Records provided:
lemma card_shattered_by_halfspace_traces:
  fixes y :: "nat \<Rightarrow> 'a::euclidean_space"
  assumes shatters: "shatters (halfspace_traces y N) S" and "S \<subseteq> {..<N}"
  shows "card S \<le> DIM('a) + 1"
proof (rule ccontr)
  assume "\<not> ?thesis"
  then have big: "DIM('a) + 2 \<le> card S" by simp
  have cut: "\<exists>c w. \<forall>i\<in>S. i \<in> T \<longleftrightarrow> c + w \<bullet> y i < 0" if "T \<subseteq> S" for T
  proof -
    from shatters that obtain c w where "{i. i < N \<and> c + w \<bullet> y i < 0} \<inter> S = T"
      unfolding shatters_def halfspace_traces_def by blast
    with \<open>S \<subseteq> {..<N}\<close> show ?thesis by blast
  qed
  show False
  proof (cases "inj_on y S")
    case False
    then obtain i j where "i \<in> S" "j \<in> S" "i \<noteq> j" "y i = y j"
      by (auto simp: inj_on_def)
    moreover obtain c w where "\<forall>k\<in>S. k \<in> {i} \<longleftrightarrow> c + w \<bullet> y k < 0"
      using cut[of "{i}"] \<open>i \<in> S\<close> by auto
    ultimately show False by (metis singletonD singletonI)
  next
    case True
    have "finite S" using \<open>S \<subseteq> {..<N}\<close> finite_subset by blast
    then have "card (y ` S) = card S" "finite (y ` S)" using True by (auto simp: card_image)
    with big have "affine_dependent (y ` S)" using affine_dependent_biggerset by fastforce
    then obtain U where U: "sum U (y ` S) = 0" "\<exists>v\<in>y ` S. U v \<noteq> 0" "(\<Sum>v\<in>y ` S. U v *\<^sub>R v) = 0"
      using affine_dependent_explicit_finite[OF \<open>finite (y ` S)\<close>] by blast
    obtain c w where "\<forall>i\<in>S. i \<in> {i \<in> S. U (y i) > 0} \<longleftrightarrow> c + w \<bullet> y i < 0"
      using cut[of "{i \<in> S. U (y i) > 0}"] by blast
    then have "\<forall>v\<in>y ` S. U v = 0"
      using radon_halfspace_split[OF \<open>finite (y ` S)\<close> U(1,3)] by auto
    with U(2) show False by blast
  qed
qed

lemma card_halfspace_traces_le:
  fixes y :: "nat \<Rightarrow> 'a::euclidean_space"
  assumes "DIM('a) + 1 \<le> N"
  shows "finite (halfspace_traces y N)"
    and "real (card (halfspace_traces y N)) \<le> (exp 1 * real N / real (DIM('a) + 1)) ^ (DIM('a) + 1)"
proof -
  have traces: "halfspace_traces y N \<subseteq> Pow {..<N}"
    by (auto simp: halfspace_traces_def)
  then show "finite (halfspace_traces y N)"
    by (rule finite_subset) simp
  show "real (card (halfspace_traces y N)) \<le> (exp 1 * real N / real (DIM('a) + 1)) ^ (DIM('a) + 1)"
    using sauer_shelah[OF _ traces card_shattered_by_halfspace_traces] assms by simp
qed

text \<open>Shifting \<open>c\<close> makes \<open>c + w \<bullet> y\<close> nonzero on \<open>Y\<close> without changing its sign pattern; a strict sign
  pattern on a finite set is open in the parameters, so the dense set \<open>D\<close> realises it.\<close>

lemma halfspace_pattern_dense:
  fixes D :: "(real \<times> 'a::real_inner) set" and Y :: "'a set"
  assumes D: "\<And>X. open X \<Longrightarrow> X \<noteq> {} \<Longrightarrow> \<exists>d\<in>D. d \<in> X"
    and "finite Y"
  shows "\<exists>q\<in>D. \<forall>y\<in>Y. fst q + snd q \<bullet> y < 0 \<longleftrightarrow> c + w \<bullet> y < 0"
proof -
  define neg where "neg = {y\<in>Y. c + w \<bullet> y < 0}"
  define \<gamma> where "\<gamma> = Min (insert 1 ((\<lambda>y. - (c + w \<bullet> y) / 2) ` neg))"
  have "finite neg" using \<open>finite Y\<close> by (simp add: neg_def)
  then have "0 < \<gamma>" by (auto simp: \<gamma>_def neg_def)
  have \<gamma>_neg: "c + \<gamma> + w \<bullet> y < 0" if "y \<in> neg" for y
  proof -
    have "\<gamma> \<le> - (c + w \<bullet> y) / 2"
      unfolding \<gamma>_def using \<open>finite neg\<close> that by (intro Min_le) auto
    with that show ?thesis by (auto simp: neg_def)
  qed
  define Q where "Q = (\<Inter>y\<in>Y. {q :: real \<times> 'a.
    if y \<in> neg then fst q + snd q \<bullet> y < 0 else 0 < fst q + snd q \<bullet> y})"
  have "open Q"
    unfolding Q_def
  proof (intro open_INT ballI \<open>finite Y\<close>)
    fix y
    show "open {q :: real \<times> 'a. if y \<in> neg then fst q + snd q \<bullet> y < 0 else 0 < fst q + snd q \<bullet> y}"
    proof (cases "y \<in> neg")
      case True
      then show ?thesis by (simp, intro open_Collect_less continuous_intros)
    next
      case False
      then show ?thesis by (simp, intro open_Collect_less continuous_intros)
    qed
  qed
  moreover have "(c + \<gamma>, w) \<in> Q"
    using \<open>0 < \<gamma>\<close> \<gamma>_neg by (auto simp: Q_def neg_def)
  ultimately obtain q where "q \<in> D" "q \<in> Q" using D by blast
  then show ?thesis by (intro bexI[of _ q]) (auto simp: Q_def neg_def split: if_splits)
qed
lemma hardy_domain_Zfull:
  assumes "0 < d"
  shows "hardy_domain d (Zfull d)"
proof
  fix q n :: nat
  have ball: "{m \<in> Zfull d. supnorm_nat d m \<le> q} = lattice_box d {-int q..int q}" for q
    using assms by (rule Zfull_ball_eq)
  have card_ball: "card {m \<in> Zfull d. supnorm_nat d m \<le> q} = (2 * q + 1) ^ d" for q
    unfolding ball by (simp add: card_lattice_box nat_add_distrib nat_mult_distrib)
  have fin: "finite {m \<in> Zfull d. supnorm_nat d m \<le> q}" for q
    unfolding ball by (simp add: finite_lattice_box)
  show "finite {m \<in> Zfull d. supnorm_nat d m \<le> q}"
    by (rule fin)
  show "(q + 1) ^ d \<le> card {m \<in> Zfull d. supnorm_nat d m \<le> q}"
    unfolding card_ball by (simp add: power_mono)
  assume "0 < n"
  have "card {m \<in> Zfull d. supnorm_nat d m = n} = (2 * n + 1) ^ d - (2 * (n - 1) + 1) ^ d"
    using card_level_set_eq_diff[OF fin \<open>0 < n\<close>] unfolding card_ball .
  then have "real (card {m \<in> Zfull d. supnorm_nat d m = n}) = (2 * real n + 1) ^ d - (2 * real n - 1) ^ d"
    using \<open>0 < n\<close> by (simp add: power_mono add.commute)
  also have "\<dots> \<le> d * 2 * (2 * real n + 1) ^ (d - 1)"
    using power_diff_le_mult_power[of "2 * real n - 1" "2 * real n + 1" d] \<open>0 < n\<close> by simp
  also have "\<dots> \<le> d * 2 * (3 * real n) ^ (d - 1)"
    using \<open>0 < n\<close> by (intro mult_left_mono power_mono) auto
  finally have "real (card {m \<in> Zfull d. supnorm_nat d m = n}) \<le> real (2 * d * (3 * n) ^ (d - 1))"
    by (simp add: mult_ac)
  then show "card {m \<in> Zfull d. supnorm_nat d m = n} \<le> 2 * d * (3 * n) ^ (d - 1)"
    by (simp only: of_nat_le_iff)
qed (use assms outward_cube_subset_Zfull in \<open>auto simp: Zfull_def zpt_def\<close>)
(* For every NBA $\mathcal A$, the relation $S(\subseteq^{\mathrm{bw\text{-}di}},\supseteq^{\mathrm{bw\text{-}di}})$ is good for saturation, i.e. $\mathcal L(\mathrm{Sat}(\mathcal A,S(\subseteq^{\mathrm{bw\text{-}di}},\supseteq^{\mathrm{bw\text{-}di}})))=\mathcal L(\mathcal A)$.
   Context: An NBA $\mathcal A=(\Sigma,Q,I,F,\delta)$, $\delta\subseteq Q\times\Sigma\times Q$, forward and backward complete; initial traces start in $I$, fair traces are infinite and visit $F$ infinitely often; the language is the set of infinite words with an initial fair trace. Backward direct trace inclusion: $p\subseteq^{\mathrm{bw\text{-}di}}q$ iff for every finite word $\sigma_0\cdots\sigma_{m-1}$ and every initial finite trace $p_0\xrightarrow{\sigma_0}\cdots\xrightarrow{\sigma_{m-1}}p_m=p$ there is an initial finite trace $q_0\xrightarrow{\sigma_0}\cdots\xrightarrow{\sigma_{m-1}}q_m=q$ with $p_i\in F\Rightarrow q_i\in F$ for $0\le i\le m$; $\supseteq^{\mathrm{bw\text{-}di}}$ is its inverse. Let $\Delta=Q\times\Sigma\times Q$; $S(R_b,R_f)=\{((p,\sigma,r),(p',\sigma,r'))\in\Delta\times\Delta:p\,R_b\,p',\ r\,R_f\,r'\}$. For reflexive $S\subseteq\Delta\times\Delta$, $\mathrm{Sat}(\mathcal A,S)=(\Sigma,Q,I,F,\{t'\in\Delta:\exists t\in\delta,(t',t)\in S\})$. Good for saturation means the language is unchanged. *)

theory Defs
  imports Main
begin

...

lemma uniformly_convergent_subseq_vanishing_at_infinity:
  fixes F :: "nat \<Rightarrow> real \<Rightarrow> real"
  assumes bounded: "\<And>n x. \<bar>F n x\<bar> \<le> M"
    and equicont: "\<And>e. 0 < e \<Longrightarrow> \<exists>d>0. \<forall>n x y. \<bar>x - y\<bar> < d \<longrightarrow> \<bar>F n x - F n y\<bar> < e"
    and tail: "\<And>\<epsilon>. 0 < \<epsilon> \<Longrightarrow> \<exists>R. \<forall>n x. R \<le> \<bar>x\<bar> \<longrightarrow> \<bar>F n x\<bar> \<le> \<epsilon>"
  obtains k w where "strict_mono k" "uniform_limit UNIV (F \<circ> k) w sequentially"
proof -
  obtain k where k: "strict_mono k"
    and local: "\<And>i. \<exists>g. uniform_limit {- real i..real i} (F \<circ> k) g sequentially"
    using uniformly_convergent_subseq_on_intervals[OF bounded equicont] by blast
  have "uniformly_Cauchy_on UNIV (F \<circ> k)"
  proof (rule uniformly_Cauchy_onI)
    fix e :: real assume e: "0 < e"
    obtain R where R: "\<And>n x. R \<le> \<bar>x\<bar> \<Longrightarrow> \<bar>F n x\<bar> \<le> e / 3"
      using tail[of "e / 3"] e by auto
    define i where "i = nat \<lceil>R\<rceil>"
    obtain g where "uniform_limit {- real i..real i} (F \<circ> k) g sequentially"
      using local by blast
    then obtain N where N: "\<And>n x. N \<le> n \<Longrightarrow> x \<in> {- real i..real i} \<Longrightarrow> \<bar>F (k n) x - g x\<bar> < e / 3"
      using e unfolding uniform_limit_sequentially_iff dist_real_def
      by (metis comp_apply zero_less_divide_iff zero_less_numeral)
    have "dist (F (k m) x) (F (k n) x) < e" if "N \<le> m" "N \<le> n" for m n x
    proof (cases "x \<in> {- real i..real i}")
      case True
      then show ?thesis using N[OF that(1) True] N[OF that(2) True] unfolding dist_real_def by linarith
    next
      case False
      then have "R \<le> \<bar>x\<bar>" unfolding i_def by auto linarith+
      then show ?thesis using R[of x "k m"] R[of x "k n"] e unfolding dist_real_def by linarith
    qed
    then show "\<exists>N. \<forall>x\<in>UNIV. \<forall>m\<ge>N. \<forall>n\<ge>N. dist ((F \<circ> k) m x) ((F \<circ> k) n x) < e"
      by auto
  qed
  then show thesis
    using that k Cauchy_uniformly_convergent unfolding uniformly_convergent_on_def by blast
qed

==

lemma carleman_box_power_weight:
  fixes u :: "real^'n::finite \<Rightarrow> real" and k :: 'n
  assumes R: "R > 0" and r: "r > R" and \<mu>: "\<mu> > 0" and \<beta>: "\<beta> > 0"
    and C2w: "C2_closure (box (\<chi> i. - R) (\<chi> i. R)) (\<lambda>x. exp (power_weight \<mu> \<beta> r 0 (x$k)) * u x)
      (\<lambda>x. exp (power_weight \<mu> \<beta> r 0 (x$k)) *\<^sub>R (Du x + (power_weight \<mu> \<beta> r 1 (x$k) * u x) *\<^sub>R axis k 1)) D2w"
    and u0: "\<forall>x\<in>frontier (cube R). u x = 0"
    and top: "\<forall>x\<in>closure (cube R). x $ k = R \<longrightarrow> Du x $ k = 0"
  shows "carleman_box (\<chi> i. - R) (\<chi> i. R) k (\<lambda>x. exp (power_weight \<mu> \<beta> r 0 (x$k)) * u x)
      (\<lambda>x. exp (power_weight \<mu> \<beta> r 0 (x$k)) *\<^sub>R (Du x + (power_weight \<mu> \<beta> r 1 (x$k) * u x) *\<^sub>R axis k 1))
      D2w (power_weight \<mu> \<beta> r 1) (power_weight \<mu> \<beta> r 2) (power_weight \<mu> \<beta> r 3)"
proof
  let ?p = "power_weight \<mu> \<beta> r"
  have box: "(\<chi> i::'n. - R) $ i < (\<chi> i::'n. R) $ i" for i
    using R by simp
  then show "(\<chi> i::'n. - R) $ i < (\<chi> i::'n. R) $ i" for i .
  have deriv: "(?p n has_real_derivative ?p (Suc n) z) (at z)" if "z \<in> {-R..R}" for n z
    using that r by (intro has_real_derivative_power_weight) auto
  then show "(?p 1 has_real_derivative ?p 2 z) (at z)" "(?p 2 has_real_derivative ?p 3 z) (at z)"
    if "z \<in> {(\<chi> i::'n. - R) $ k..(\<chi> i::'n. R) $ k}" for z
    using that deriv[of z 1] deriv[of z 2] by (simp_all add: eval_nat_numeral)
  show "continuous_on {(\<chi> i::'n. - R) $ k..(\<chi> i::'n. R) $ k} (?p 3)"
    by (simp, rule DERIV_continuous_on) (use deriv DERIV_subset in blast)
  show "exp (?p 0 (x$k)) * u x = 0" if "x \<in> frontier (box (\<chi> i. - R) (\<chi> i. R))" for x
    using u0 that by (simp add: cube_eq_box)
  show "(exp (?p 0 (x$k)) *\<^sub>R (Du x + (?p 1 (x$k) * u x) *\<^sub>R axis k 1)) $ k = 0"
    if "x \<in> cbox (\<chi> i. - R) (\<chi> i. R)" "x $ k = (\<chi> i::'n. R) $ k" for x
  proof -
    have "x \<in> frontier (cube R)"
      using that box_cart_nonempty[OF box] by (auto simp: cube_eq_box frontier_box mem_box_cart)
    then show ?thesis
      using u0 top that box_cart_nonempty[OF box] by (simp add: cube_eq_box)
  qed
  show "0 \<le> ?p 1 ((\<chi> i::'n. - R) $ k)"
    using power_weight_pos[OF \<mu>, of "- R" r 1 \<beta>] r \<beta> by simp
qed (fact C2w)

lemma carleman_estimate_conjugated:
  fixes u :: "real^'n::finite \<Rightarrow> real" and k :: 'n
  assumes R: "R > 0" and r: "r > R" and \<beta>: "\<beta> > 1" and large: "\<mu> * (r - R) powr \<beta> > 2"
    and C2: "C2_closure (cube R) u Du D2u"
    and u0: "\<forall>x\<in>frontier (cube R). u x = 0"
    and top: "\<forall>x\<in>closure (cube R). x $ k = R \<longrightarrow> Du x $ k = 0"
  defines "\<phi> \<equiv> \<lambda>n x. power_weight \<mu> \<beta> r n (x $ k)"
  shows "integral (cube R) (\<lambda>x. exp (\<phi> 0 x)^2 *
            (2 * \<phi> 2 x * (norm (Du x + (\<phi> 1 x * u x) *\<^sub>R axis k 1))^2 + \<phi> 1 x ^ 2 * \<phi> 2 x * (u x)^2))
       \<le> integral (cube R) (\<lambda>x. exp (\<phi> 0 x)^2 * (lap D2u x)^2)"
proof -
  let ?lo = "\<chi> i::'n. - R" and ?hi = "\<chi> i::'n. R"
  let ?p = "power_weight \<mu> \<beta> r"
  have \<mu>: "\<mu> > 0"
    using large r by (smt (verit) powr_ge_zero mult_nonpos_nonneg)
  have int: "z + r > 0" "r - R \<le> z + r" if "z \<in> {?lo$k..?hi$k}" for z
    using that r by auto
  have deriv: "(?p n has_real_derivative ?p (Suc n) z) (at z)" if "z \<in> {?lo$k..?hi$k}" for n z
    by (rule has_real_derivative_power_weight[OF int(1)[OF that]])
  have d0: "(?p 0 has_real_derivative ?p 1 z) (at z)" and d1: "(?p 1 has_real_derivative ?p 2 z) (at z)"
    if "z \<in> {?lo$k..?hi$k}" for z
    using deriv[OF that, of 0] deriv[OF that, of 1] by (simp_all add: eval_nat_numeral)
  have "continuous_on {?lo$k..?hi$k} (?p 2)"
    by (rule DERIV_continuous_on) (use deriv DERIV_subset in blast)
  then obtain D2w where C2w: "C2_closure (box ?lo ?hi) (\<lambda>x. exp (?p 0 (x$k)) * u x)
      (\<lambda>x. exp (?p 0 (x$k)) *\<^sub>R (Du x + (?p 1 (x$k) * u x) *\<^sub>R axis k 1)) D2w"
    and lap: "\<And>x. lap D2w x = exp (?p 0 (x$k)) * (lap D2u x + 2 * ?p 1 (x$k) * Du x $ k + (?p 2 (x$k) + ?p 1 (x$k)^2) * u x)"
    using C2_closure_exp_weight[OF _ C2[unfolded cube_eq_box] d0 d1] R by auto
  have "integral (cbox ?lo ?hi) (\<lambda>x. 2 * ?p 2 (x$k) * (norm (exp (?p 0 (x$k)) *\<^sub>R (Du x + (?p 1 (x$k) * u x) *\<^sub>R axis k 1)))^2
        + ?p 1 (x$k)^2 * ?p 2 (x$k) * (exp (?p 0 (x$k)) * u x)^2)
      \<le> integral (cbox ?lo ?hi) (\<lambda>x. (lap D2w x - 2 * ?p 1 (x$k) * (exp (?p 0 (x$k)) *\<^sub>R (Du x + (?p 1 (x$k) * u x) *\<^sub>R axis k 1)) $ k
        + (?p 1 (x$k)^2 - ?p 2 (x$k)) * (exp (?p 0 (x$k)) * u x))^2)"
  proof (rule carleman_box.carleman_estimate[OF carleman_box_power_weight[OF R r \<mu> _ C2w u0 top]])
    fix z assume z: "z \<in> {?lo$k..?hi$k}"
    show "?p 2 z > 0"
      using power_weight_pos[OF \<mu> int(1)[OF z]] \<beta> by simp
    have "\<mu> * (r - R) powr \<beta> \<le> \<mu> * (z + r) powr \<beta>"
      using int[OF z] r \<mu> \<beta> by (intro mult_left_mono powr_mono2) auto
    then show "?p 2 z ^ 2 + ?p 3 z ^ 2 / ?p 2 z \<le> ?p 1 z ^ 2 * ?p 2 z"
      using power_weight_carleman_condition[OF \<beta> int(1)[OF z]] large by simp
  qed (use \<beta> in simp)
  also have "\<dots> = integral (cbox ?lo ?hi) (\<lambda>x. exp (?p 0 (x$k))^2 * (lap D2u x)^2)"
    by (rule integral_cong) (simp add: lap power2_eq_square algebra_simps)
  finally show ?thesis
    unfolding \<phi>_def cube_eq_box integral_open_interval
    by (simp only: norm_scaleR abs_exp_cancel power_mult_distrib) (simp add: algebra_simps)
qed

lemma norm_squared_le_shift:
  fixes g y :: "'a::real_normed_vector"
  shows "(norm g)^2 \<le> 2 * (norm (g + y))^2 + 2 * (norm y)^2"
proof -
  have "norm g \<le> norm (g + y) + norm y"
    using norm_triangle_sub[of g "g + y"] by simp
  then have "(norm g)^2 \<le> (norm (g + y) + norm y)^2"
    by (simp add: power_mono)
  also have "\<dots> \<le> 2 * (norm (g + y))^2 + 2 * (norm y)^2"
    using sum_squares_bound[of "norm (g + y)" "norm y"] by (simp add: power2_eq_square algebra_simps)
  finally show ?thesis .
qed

Problem:
Look for the string "tail" in the records, and copy every line where it is found.

Finished task:
    and tail: "\<And>\<epsilon>. 0 < \<epsilon> \<Longrightarrow> \<exists>R. \<forall>n x. R \<le> \<bar>x\<bar> \<longrightarrow> \<bar>F n x\<bar> \<le> \<epsilon>"
      using tail[of "e / 3"] e by auto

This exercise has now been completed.